Dataset entries
• • • • • • •

text \<open>Matrices on C^M (x) C^N are indexed by pairs (i,j): the basis vector |i>|j>.
  Operators are complex^('m::finite \<times> 'n::finite)^('m::finite \<times> 'n::finite).\<close>

definition cadj :: "complex^'n::finite^'m::finite \<Rightarrow> complex^'m::finite^'n::finite" where
  "cadj A = (\<chi> i j. cnj (A $ j $ i))"

definition unitary :: "complex^'n::finite^'n \<Rightarrow> bool" where
  "unitary U \<longleftrightarrow> U ** cadj U = mat 1 \<and> cadj U ** U = mat 1"

definition ptraceA :: "complex^('m::finite \<times> 'n::finite)^('m::finite \<times> 'n::finite) \<Rightarrow> complex^'n::finite^'n" where
  "ptraceA \<rho> = (\<chi> j j'. \<Sum>i\<in>UNIV. \<rho> $ (i, j) $ (i, j'))"

definition idtensor :: "complex^'n::finite^'n \<Rightarrow> complex^('m::finite \<times> 'n::finite)^('m::finite \<times> 'n::finite)" where
  "idtensor U = (\<chi> p q. if fst p = fst q then U $ snd p $ snd q else 0)"

definition frob :: "complex^'n::finite^'m::finite \<Rightarrow> real" where
  "frob X = sqrt (\<Sum>i\<in>UNIV. \<Sum>j\<in>UNIV. (cmod (X $ i $ j))\<^sup>2)"

definition cyclic :: "complex^('m::finite \<times> 'n::finite)^('m::finite \<times> 'n::finite) \<Rightarrow> complex^'n::finite^'n \<Rightarrow> bool" where
  "cyclic \<rho> U \<longleftrightarrow> unitary U \<and> ptraceA \<rho> ** U = U ** ptraceA \<rho>"

definition rho_f :: "complex^('m::finite \<times> 'n::finite)^('m::finite \<times> 'n::finite) \<Rightarrow> complex^'n::finite^'n \<Rightarrow> complex^('m::finite \<times> 'n::finite)^('m::finite \<times> 'n::finite)" where
  "rho_f \<rho> U = idtensor U ** \<rho> ** cadj (idtensor U)"

definition fu_dist :: "complex^('m::finite \<times> 'n::finite)^('m::finite \<times> 'n::finite) \<Rightarrow> complex^'n::finite^'n \<Rightarrow> real" where
  "fu_dist \<rho> U = frob (\<rho> - rho_f \<rho> U) / sqrt 2"

definition dmax :: "complex^('m::finite \<times> 'n::finite)^('m::finite \<times> 'n::finite) \<Rightarrow> real" where
  "dmax \<rho> = Sup {fu_dist \<rho> U | U. cyclic \<rho> U}"

definition proj :: "3 \<Rightarrow> complex^3^3" where
  "proj k = (\<chi> i j. if i = k \<and> j = k then 1 else 0)"

definition tensor :: "complex^'m::finite^'m \<Rightarrow> complex^'n::finite^'n \<Rightarrow> complex^('m::finite \<times> 'n::finite)^('m::finite \<times> 'n::finite)" where
  "tensor A B = (\<chi> p q. A $ fst p $ fst q * B $ snd p $ snd q)"

definition outer :: "complex^'n::finite \<Rightarrow> complex^'n::finite^'n" where
  "outer v = (\<chi> i j. v $ i * cnj (v $ j))"

definition Qop :: "complex^(3 \<times> 3)^(3 \<times> 3)" where
  "Qop = mat 1 - (\<Sum>k\<in>UNIV. tensor (proj k) (proj k)) - tensor (proj 2) (proj 0)"

definition Psi :: "complex^(3 \<times> 3)" where
  "Psi = (\<chi> p. if fst p = snd p then complex_of_real (1 / sqrt 3) else 0)"

definition rho_ent :: "complex^(3 \<times> 3)^(3 \<times> 3)" where
  "rho_ent = (3/8) *\<^sub>R outer Psi + (1/8) *\<^sub>R Qop"

definition Phi :: "real \<Rightarrow> complex^(3 \<times> 3)" where
  "Phi a = (\<chi> p. if fst p = 2 then
      (if snd p = 0 then complex_of_real (sqrt ((1 + a) / 2))
       else if snd p = 2 then complex_of_real (sqrt ((1 - a) / 2)) else 0)
     else 0)"

definition rho_a :: "real \<Rightarrow> complex^(3 \<times> 3)^(3 \<times> 3)" where
  "rho_a a = (8 * a / (8 * a + 1)) *\<^sub>R rho_ent + (1 / (8 * a + 1)) *\<^sub>R outer (Phi a)"

end

theory Submission
  imports Defs
begin

text \<open>For \<open>0 < a < 1\<close> the reduced state \<open>\<rho>\<^sub>B\<close> of \<open>\<rho>\<^sub>a\<close> has the form
  \<open>[[p,0,q],[0,r,0],[q,0,p]]\<close> with \<open>q \<noteq> 0\<close> and \<open>r \<noteq> p \<plusminus> q\<close>, so every unitary commuting with it
  has the form \<open>[[u,0,v],[0,z,0],[v,0,u]]\<close>. For such \<open>U\<close> a direct computation gives
  \<open>d(\<rho>\<^sub>a, U) = a/(8a+1) \<cdot> sqrt (6 - 4 Re (u z\<^sup>*) - 2|u|\<^sup>2)\<close>. As \<open>|z| = 1\<close>, the radicand is at most
  \<open>8 - 2(|u| - 1)\<^sup>2 \<le> 8\<close>, with equality for \<open>z = -u\<close>, \<open>|u| = 1\<close>.\<close>

lemma UNIV_3': "(UNIV :: 3 set) = {0, 1, 2}"
  unfolding UNIV_3 by auto

lemma exhaust_3': "(i :: 3) = 0 \<or> i = 1 \<or> i = 2"
  using UNIV_3' by blast

lemma forall_3': "(\<forall>i::3. P i) \<longleftrightarrow> P 0 \<and> P 1 \<and> P 2"
  by (simp add: UNIV_3' flip: ball_UNIV)

lemma sum_3': "sum f (UNIV :: 3 set) = f 0 + f 1 + f 2"
  unfolding UNIV_3' by (simp add: add.assoc)

lemma matrix_mult_3_entry:
  "((A :: 'a::semiring_1^3^3) ** B) $ i $ k = A$i$0 * B$0$k + A$i$1 * B$1$k + A$i$2 * B$2$k"
  by (simp add: matrix_matrix_mult_def sum_3')

lemma sum_UNIV_prod:
  "sum f (UNIV :: ('a::finite \<times> 'b::finite) set) = (\<Sum>i\<in>UNIV. \<Sum>j\<in>UNIV. f (i, j))"
  by (simp add: sum.cartesian_product flip: UNIV_Times_UNIV)

lemma cadj_idtensor:
  "cadj (idtensor U :: complex^('m::finite \<times> 'n::finite)^('m \<times> 'n)) = idtensor (cadj U)"
  by (simp add: cadj_def idtensor_def vec_eq_iff)

lemma idtensor_mult_entry:
  "(idtensor U ** X) $ (i, j) $ q = (\<Sum>k\<in>UNIV. U $ j $ k * X $ (i, k) $ q)"
  unfolding matrix_matrix_mult_def sum_UNIV_prod
  by (subst sum.swap) (simp add: idtensor_def if_distrib[where f="\<lambda>x. x * _"] cong: if_cong)

lemma mult_idtensor_entry:
  "(X ** idtensor U) $ p $ (i, j) = (\<Sum>k\<in>UNIV. X $ p $ (i, k) * U $ k $ j)"
  by (simp add: matrix_matrix_mult_def idtensor_def sum_UNIV_prod if_distrib sum.If_cases)

lemma rho_f_entry:
  "rho_f \<rho> U $ (i, j) $ (i', j')
    = (\<Sum>k\<in>UNIV. \<Sum>k'\<in>UNIV. U $ j $ k * \<rho> $ (i, k) $ (i', k') * cnj (U $ j' $ k'))"
  unfolding rho_f_def cadj_idtensor
  by (simp add: mult_idtensor_entry idtensor_mult_entry cadj_def sum_distrib_right) (rule sum.swap)

lemma of_real_frob_squared:
  "complex_of_real ((frob X)\<^sup>2) = (\<Sum>i\<in>UNIV. \<Sum>j\<in>UNIV. X $ i $ j * cnj (X $ i $ j))"
  unfolding frob_def by (simp add: sum_nonneg complex_norm_square del: of_real_power)

lemma cmod_eq_1_iff: "cmod z = 1 \<longleftrightarrow> z * cnj z = 1"
proof -
  have "z * cnj z = of_real ((cmod z)\<^sup>2)"
    by (rule complex_norm_square[symmetric])
  then show ?thesis
    by (simp add: abs_square_eq_1 del: of_real_power)
qed

lemma unitary_row_inner:
  assumes "unitary U"
  shows "(\<Sum>k\<in>UNIV. U $ i $ k * cnj (U $ j $ k)) = (if i = j then 1 else 0)"
proof -
  have "(U ** cadj U) $ i $ j = mat 1 $ i $ j"
    using assms unfolding unitary_def by simp
  then show ?thesis
    by (simp add: matrix_matrix_mult_def cadj_def mat_def)
qed

definition cross_shaped :: "'a::zero^3^3 \<Rightarrow> bool" where
  "cross_shaped U \<longleftrightarrow> U$0$1 = 0 \<and> U$1$0 = 0 \<and> U$1$2 = 0 \<and> U$2$1 = 0 \<and> U$2$0 = U$0$2 \<and> U$2$2 = U$0$0"

text \<open>The hypotheses say that \<open>r = B$1$1\<close> is not an eigenvalue \<open>p \<plusminus> q\<close> of the outer block.\<close>

lemma commute_cross_shaped:
  fixes B U :: "'a::idom^3^3"
  assumes B: "cross_shaped B" and "B$0$2 \<noteq> 0" and "(B$0$0 - B$1$1)\<^sup>2 \<noteq> (B$0$2)\<^sup>2"
    and comm: "B ** U = U ** B"
  shows "cross_shaped U"
proof -
  obtain p q r where B_eqs: "B$0$0 = p" "B$2$2 = p" "B$0$2 = q" "B$2$0 = q" "B$1$1 = r"
    "B$0$1 = 0" "B$1$0 = 0" "B$1$2 = 0" "B$2$1 = 0"
    using B unfolding cross_shaped_def by auto
  have "q \<noteq> 0" and det: "(p - r)\<^sup>2 - q\<^sup>2 \<noteq> 0"
    using assms(2,3) B_eqs by auto
  have e: "(B ** U) $ i $ k = (U ** B) $ i $ k" for i k
    using comm by simp
  have "((p - r)\<^sup>2 - q\<^sup>2) * U$0$1 = 0" "((p - r)\<^sup>2 - q\<^sup>2) * U$2$1 = 0"
    using e[of 0 1, unfolded matrix_mult_3_entry B_eqs] e[of 2 1, unfolded matrix_mult_3_entry B_eqs]
    by algebra+
  moreover have "((p - r)\<^sup>2 - q\<^sup>2) * U$1$0 = 0" "((p - r)\<^sup>2 - q\<^sup>2) * U$1$2 = 0"
    using e[of 1 0, unfolded matrix_mult_3_entry B_eqs] e[of 1 2, unfolded matrix_mult_3_entry B_eqs]
    by algebra+
  moreover have "q * (U$2$0 - U$0$2) = 0" "q * (U$2$2 - U$0$0) = 0"
    using e[of 0 0, unfolded matrix_mult_3_entry B_eqs] e[of 0 2, unfolded matrix_mult_3_entry B_eqs]
    by algebra+
  ultimately show ?thesis
    using \<open>q \<noteq> 0\<close> det unfolding cross_shaped_def by auto
qed

lemma diagonal_commute_cross_shaped:
  fixes B U :: "'a::comm_semiring_1^3^3"
  assumes "cross_shaped B" and "\<forall>i j. i \<noteq> j \<longrightarrow> U$i$j = 0" and "U$2$2 = U$0$0"
  shows "B ** U = U ** B"
  using assms unfolding cross_shaped_def
  by (simp add: vec_eq_iff forall_3' matrix_mult_3_entry mult.commute)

• • • • • • •

- **WHAT THE TASK REQUIRES**: Show the lines of the records above that mention "unfolded".

- **RESPONSE TO THE EXERCISE**:
    using e[of 0 1, unfolded matrix_mult_3_entry B_eqs] e[of 2 1, unfolded matrix_mult_3_entry B_eqs]
    using e[of 1 0, unfolded matrix_mult_3_entry B_eqs] e[of 1 2, unfolded matrix_mult_3_entry B_eqs]
    using e[of 0 0, unfolded matrix_mult_3_entry B_eqs] e[of 0 2, unfolded matrix_mult_3_entry B_eqs]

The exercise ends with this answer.